Source data Block Start
lemma integral_diff_le:
  assumes t0: "1 \<le> t0" and K: "1 \<le> K" "\<And>t. t0 \<le> t \<Longrightarrow> \<psi> (dil (4 * t)) \<le> K * \<psi> t"
    and dil_ge: "\<And>t. t0 \<le> t \<Longrightarrow> t \<le> dil t" and T: "t0 \<le> T"
  shows "integral {1..T} integrand_dil - integral {1..T} integrand
    \<le> integral {1..t0} integrand_dil + (K - 1) * C * ln T + K * C * (ln (dil (4 * T)) - ln T)"
proof -
  obtain n where n: "T / t0 \<le> 2 ^ n" "2 ^ n \<le> 2 * (T / t0)"
    using exists_pow2_between[of "T / t0"] t0 T by auto
  define U where "U = 2 ^ n * t0"
  have U: "T \<le> U" "2 * U \<le> 4 * T" using n t0 by (simp_all add: U_def field_simps)
  have "integral {1..T} integrand_dil \<le> integral {1..U} integrand_dil"
    using integral_integrand_dil_combine[of 1 T U] integral_integrand_dil_nonneg[of T U] T t0 U by simp
  also have "\<dots> = integral {1..t0} integrand_dil + integral {t0..U} integrand_dil"
    using T t0 U by (intro integral_integrand_dil_combine) auto
  also have "integral {t0..U} integrand_dil \<le> K * integral {dil (2 * t0)..dil (2 * U)} integrand"
    using integral_dil_dyadic_le[of t0 K n] t0 K(2) by (simp add: U_def mult.assoc)
  finally have dil_part: "integral {1..T} integrand_dil
      \<le> integral {1..t0} integrand_dil + K * integral {dil (2 * t0)..dil (2 * U)} integrand" by simp
  have "2 * t0 \<le> dil (2 * t0)" "2 * U \<le> dil (2 * U)"
    using t0 T U by (intro dil_ge; simp)+
  moreover have "dil (2 * t0) \<le> dil (2 * U)" "dil (2 * U) \<le> dil (4 * T)"
    using t0 T U by (intro dil_mono; simp)+
  ultimately have tail: "integral {dil (2 * t0)..dil (2 * U)} integrand
      \<le> integral {1..T} integrand + C * (ln (dil (2 * U)) - ln T)"
    and "ln (dil (2 * U)) \<le> ln (dil (4 * T))"
    using t0 T U by (intro integral_integrand_le_tail ln_mono; linarith)+
  then have "C * (ln (dil (2 * U)) - ln T) \<le> C * (ln (dil (4 * T)) - ln T)"
    using C_nonneg by (intro mult_left_mono) auto
  with tail have "integral {dil (2 * t0)..dil (2 * U)} integrand
      \<le> integral {1..T} integrand + C * (ln (dil (4 * T)) - ln T)" by linarith
  then have "K * integral {dil (2 * t0)..dil (2 * U)} integrand
      \<le> K * (integral {1..T} integrand + C * (ln (dil (4 * T)) - ln T))"
    using K by (intro mult_left_mono) auto
  moreover have "(K - 1) * integral {1..T} integrand \<le> (K - 1) * (C * (ln T - ln 1))"
    using K t0 T by (intro mult_left_mono integral_integrand_le) auto
  ultimately show ?thesis using dil_part by (simp add: algebra_simps)
qed

lemma eventually_integral_diff_le:
  assumes \<epsilon>: "0 < \<epsilon>"
  shows "\<forall>\<^sub>F T in at_top. integral {1..T} integrand_dil - integral {1..T} integrand \<le> \<epsilon> * ln T"
proof -
  define K where "K = 1 + \<epsilon> / (3 * (C + 1))"
  define \<eta> where "\<eta> = \<epsilon> / (3 * K * (C + 1))"
  have C1: "0 < C + 1" "C / (C + 1) \<le> 1" using C_nonneg by simp_all
  have K: "1 < K" using \<epsilon> C1 by (simp add: K_def)
  have \<eta>: "0 < \<eta>" using \<epsilon> C1 K by (simp add: \<eta>_def)
  have "(K - 1) * C = \<epsilon> / 3 * (C / (C + 1))" using C1 by (simp add: K_def field_simps)
  moreover have "K * \<eta> = \<epsilon> / (3 * (C + 1))" using K by (simp add: \<eta>_def)
  then have "K * C * \<eta> = \<epsilon> / 3 * (C / (C + 1))" by (simp add: mult.commute mult.left_commute)
  moreover have "\<epsilon> / 3 * (C / (C + 1)) \<le> \<epsilon> / 3" using mult_left_mono[OF C1(2), of "\<epsilon> / 3"] \<epsilon> by simp
  ultimately have small: "(K - 1) * C \<le> \<epsilon> / 3" "K * C * \<eta> \<le> \<epsilon> / 3" by simp_all
  have "\<forall>\<^sub>F t in at_top. \<psi> (dil (4 * t)) \<le> K * \<psi> t \<and> t \<le> dil t"
    using eventually_dilation_le[OF c_pos K] eventually_le_scaled[OF c_pos] by eventually_elim auto
  then obtain t0 where t0: "\<And>t. t0 \<le> t \<Longrightarrow> \<psi> (dil (4 * t)) \<le> K * \<psi> t \<and> t \<le> dil t"
    by (auto simp: eventually_at_top_linorder)
  define t1 where "t1 = max t0 1"
  have "\<forall>\<^sub>F T in at_top. 3 * integral {1..t1} integrand_dil / \<epsilon> \<le> ln T"
    using ln_at_top by (simp add: filterlim_at_top)
  with eventually_ln_dilation_le[OF c_pos \<eta>] eventually_ge_at_top[of t1]
  show ?thesis
  proof eventually_elim
    case (elim T)
    then have T: "t1 \<le> T" "0 \<le> ln T" by (auto simp: t1_def)
    have "integral {1..T} integrand_dil - integral {1..T} integrand
        \<le> integral {1..t1} integrand_dil + (K - 1) * C * ln T + K * C * (ln (dil (4 * T)) - ln T)"
      using t0 K T by (intro integral_diff_le) (auto simp: t1_def)
    moreover have "integral {1..t1} integrand_dil \<le> \<epsilon> / 3 * ln T"
      using elim \<epsilon> by (simp add: divide_le_eq mult.commute)
    moreover have "(K - 1) * C * ln T \<le> \<epsilon> / 3 * ln T"
      using small T by (intro mult_right_mono) auto
    moreover have "K * C * (ln (dil (4 * T)) - ln T) \<le> K * C * (\<eta> * ln T)"
      using elim K C_nonneg by (intro mult_left_mono) auto
    moreover have "K * C * (\<eta> * ln T) \<le> \<epsilon> / 3 * ln T"
      using small T mult_right_mono[OF small(2) T(2)] by (simp add: mult.assoc)
    ultimately show ?case by linarith
  qed
qed
lemma tdeg_ge:
  assumes "j \<le> degree G" "i \<le> degree (coeff G j)"
  shows "i + j \<le> tdeg G"
proof -
  have "degree (coeff G j) \<le> (MAX j \<in> {..degree G}. degree (coeff G j))"
    using assms(1) by (intro Max_ge) auto
  then show ?thesis using assms unfolding tdeg_def by linarith
qed

lemma eval2_fls_homog:
  "eval2_fls (homog G) x y = (\<Sum>j\<le>degree G. \<Sum>i\<le>degree (coeff G j).
      fls_const (coeff (coeff G j) i) * x ^ i * y ^ (tdeg G - i - j))"
  unfolding homog_def by (simp add: eval2_fls_sum eval2_fls_monom_monom)

lemma eval2_fls_homog_branch:
  assumes z: "z \<noteq> 0"
  shows "eval2_fls (homog G) fls_X z = z ^ tdeg G * expand_at_inf z G"
proof -
  have "z ^ tdeg G * expand_at_inf z G = (\<Sum>j\<le>degree G. \<Sum>i\<le>degree (coeff G j).
      z ^ tdeg G * (fls_const (coeff (coeff G j) i) * (fls_X / z) ^ i * (1 / z) ^ j))"
    unfolding expand_at_inf_def eval2_fls_conv_sum poly_fls_conv_sum
    by (simp add: sum_distrib_left sum_distrib_right mult.assoc)
  also have "\<dots> = (\<Sum>j\<le>degree G. \<Sum>i\<le>degree (coeff G j).
      fls_const (coeff (coeff G j) i) * fls_X ^ i * z ^ (tdeg G - i - j))"
  proof (intro sum.cong refl)
    fix j i assume "j \<in> {..degree G}" "i \<in> {..degree (coeff G j)}"
    then have "z ^ tdeg G = z ^ (tdeg G - i - j) * z ^ i * z ^ j"
      using tdeg_ge[of j G i] by (simp flip: power_add)
    then show "z ^ tdeg G * (fls_const (coeff (coeff G j) i) * (fls_X / z) ^ i * (1 / z) ^ j) =
      fls_const (coeff (coeff G j) i) * fls_X ^ i * z ^ (tdeg G - i - j)"
      using z by (simp add: field_simps power_divide)
  qed
  finally show ?thesis by (simp add: eval2_fls_homog)
qed

lemma ord_poly_branch_at_inf:
  assumes br: "branch_at_inf E z" and G: "\<not> wpoly E dvd G"
  shows "ord_poly E Inf G = fls_subdegree (expand_at_inf z G)"
proof -
  interpret smooth_branch "wpoly_inf E" "wpoly_inf_cofactor E" "- (varX ^ 2)" 0 0 z
    by (rule branch_at_inf_smooth_branch[OF br])
  have z0: "z \<noteq> 0" and z3: "fls_subdegree z = 3"
    using branch_at_inf_subdegree[OF br] by auto
  have expand_eq: "expand H = eval2_fls H fls_X z" for H
    by (simp add: expand_def)
  have nz: "expand_at_inf z G \<noteq> 0"
    using wpoly_dvd_iff_branch_at_inf[OF br] G by blast
  \<comment> \<open>the homogenisation is \<open>w\<^sup>d G(u/w, 1/w)\<close>, and \<open>w\<close> has order 3 at infinity\<close>
  have "ordp (wpoly_inf E) 0 0 (homog G) = enat (nat (3 * int (tdeg G) + fls_subdegree (expand_at_inf z G)))"
    using ordp_eq_subdegree[of "homog G"] eval2_fls_homog_branch[OF z0, of G] z0 nz z3
    by (simp add: expand_eq fls_subdegree_mult fls_subdegree_pow)
  moreover have "ordp (wpoly_inf E) 0 0 varY = enat 3"
    using ordp_eq_subdegree[of varY] z0 z3 by (simp add: expand_eq)
  moreover have "0 \<le> 3 * int (tdeg G) + fls_subdegree (expand_at_inf z G)"
    using expand_regular[of "homog G"] eval2_fls_homog_branch[OF z0, of G] z0 nz z3
    by (simp add: expand_eq ord_ge_iff fls_subdegree_mult fls_subdegree_pow)
  ultimately show ?thesis
    by (simp add: ord_poly_def)
qed

lemma ord_poly_branch_at_inf_const:
  assumes "branch_at_inf E z" "p \<noteq> 0"
  shows "ord_poly E Inf [:p:] = - 2 * int (degree p)"
  using ord_poly_branch_at_inf[OF assms(1) wpoly_not_dvd_const[OF assms(2)]] expand_at_inf_const[OF assms]
  by simp

lemma fval_branch_at_inf:
  assumes z: "branch_at_inf E z" and h: "\<not> wpoly E dvd h"
    and gh: "wpoly E dvd g \<or> ord_poly E Inf h \<le> ord_poly E Inf g"
  shows "expand_at_inf z g = 0 \<or> fls_subdegree (expand_at_inf z h) \<le> fls_subdegree (expand_at_inf z g)"
    and "fval E Inf g h = expand_at_inf z g $$ fls_subdegree (expand_at_inf z h)
                          / expand_at_inf z h $$ fls_subdegree (expand_at_inf z h)"
  by (rule fval_eq_fls_value_ratio[OF _ _ _ h gh];
      simp add: wpoly_dvd_iff_branch_at_inf[OF z] ord_poly_branch_at_inf[OF z] expand_at_inf_def)+


section \<open>The group of rational points\<close>

lemma frobenius_fixed_field:
  fixes l m q :: nat
  assumes l: "prime l" and m: "m > 0" and q: "q = l ^ m" and char: "of_nat l = (0::'k::field)"
  shows "field_closed {x::'k. x ^ q = x}" and "finite {x::'k. x ^ q = x}"
proof -
  have "CHAR('k) dvd l" "CHAR('k) \<noteq> 1"
    using char by (simp_all add: of_nat_eq_0_iff_char_dvd)
  then have "CHAR('k) = l"
    using l by (metis prime_nat_iff)
  then have add: "(x + y) ^ q = x ^ q + y ^ q" for x y :: 'k
    using l by (intro freshmans_dream') (simp_all add: q)
  have q1: "q > 1"
    using l m q by (metis one_less_power prime_gt_1_nat)
  have "(-1::'k) ^ q + 1 = 0"
    using add[of "-1" 1] q1 by (simp add: zero_power)
  then have "(-1::'k) ^ q = -1"
    by (simp add: eq_neg_iff_add_eq_0)
  then have minus: "(- x) ^ q = - (x ^ q)" for x :: 'k
    by (simp add: power_minus[of x q])
  show "field_closed {x::'k. x ^ q = x}"
    unfolding field_closed_def
  proof (intro conjI ballI)
    fix x y :: 'k
    assume x: "x \<in> {x. x ^ q = x}"
    then show "- x \<in> {x. x ^ q = x}" "inverse x \<in> {x. x ^ q = x}"
      by (simp_all add: minus power_inverse)
    assume y: "y \<in> {x. x ^ q = x}"
    with x show "x + y \<in> {x. x ^ q = x}" "x * y \<in> {x. x ^ q = x}"
      by (simp_all add: add power_mult_distrib)
  qed (use q1 in simp_all)
  define P :: "'k poly" where "P = monom 1 q - [:0, 1:]"
  have "coeff P q = 1"
    using q1 by (simp add: P_def coeff_pCons split: nat.split)
  then have "P \<noteq> 0"
    by auto
  moreover have "{x::'k. x ^ q = x} = {x. poly P x = 0}"
    by (simp add: P_def poly_monom)
  ultimately show "finite {x::'k. x ^ q = x}"
    using poly_roots_finite by metis
qed

lemma eadd_Pt_Pt_eq_Inf_iff:
  "eadd E (Pt x1 y1) (Pt x2 y2) = Inf \<longleftrightarrow> x1 = x2 \<and> y1 + y2 + wa1 E * x2 + wa3 E = 0"
proof (cases "x1 = x2 \<and> y1 + y2 + wa1 E * x2 + wa3 E = 0")
  case True
  then show ?thesis
    unfolding eadd_def ecpt.case if_P[OF True] by simp
next
  case False
  then show ?thesis
    unfolding eadd_def ecpt.case if_not_P[OF False] by (simp add: Let_def case_prod_beta)
qed

lemma integer_mod_double_inj:
  assumes n: "odd n" and uv: "u \<in> {0..<int n}" "v \<in> {0..<int n}"
    and eq: "(u + u) mod int n = (v + v) mod int n"
  shows "u = v"
proof -
  have "int n dvd 2 * (u - v)"
    using eq by (simp add: mod_eq_dvd_iff algebra_simps)
  moreover have "coprime (int n) 2"
    using n by (simp add: coprime_commute)
  ultimately have "int n dvd u - v"
    using coprime_dvd_mult_right_iff by blast
  moreover have "\<bar>u - v\<bar> < int n"
    using uv by auto
  ultimately show ?thesis
    using dvd_imp_le_int[of "u - v" "int n"] by (cases "u = v") simp_all
qed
Source data Block End
Try it
The lines from the beginning of the records through the line containing "t \<Longrightarrow> t" should be reproduced exactly. Include nothing else.

Reply to the task
lemma integral_diff_le:
  assumes t0: "1 \<le> t0" and K: "1 \<le> K" "\<And>t. t0 \<le> t \<Longrightarrow> \<psi> (dil (4 * t)) \<le> K * \<psi> t"
    and dil_ge: "\<And>t. t0 \<le> t \<Longrightarrow> t \<le> dil t" and T: "t0 \<le> T"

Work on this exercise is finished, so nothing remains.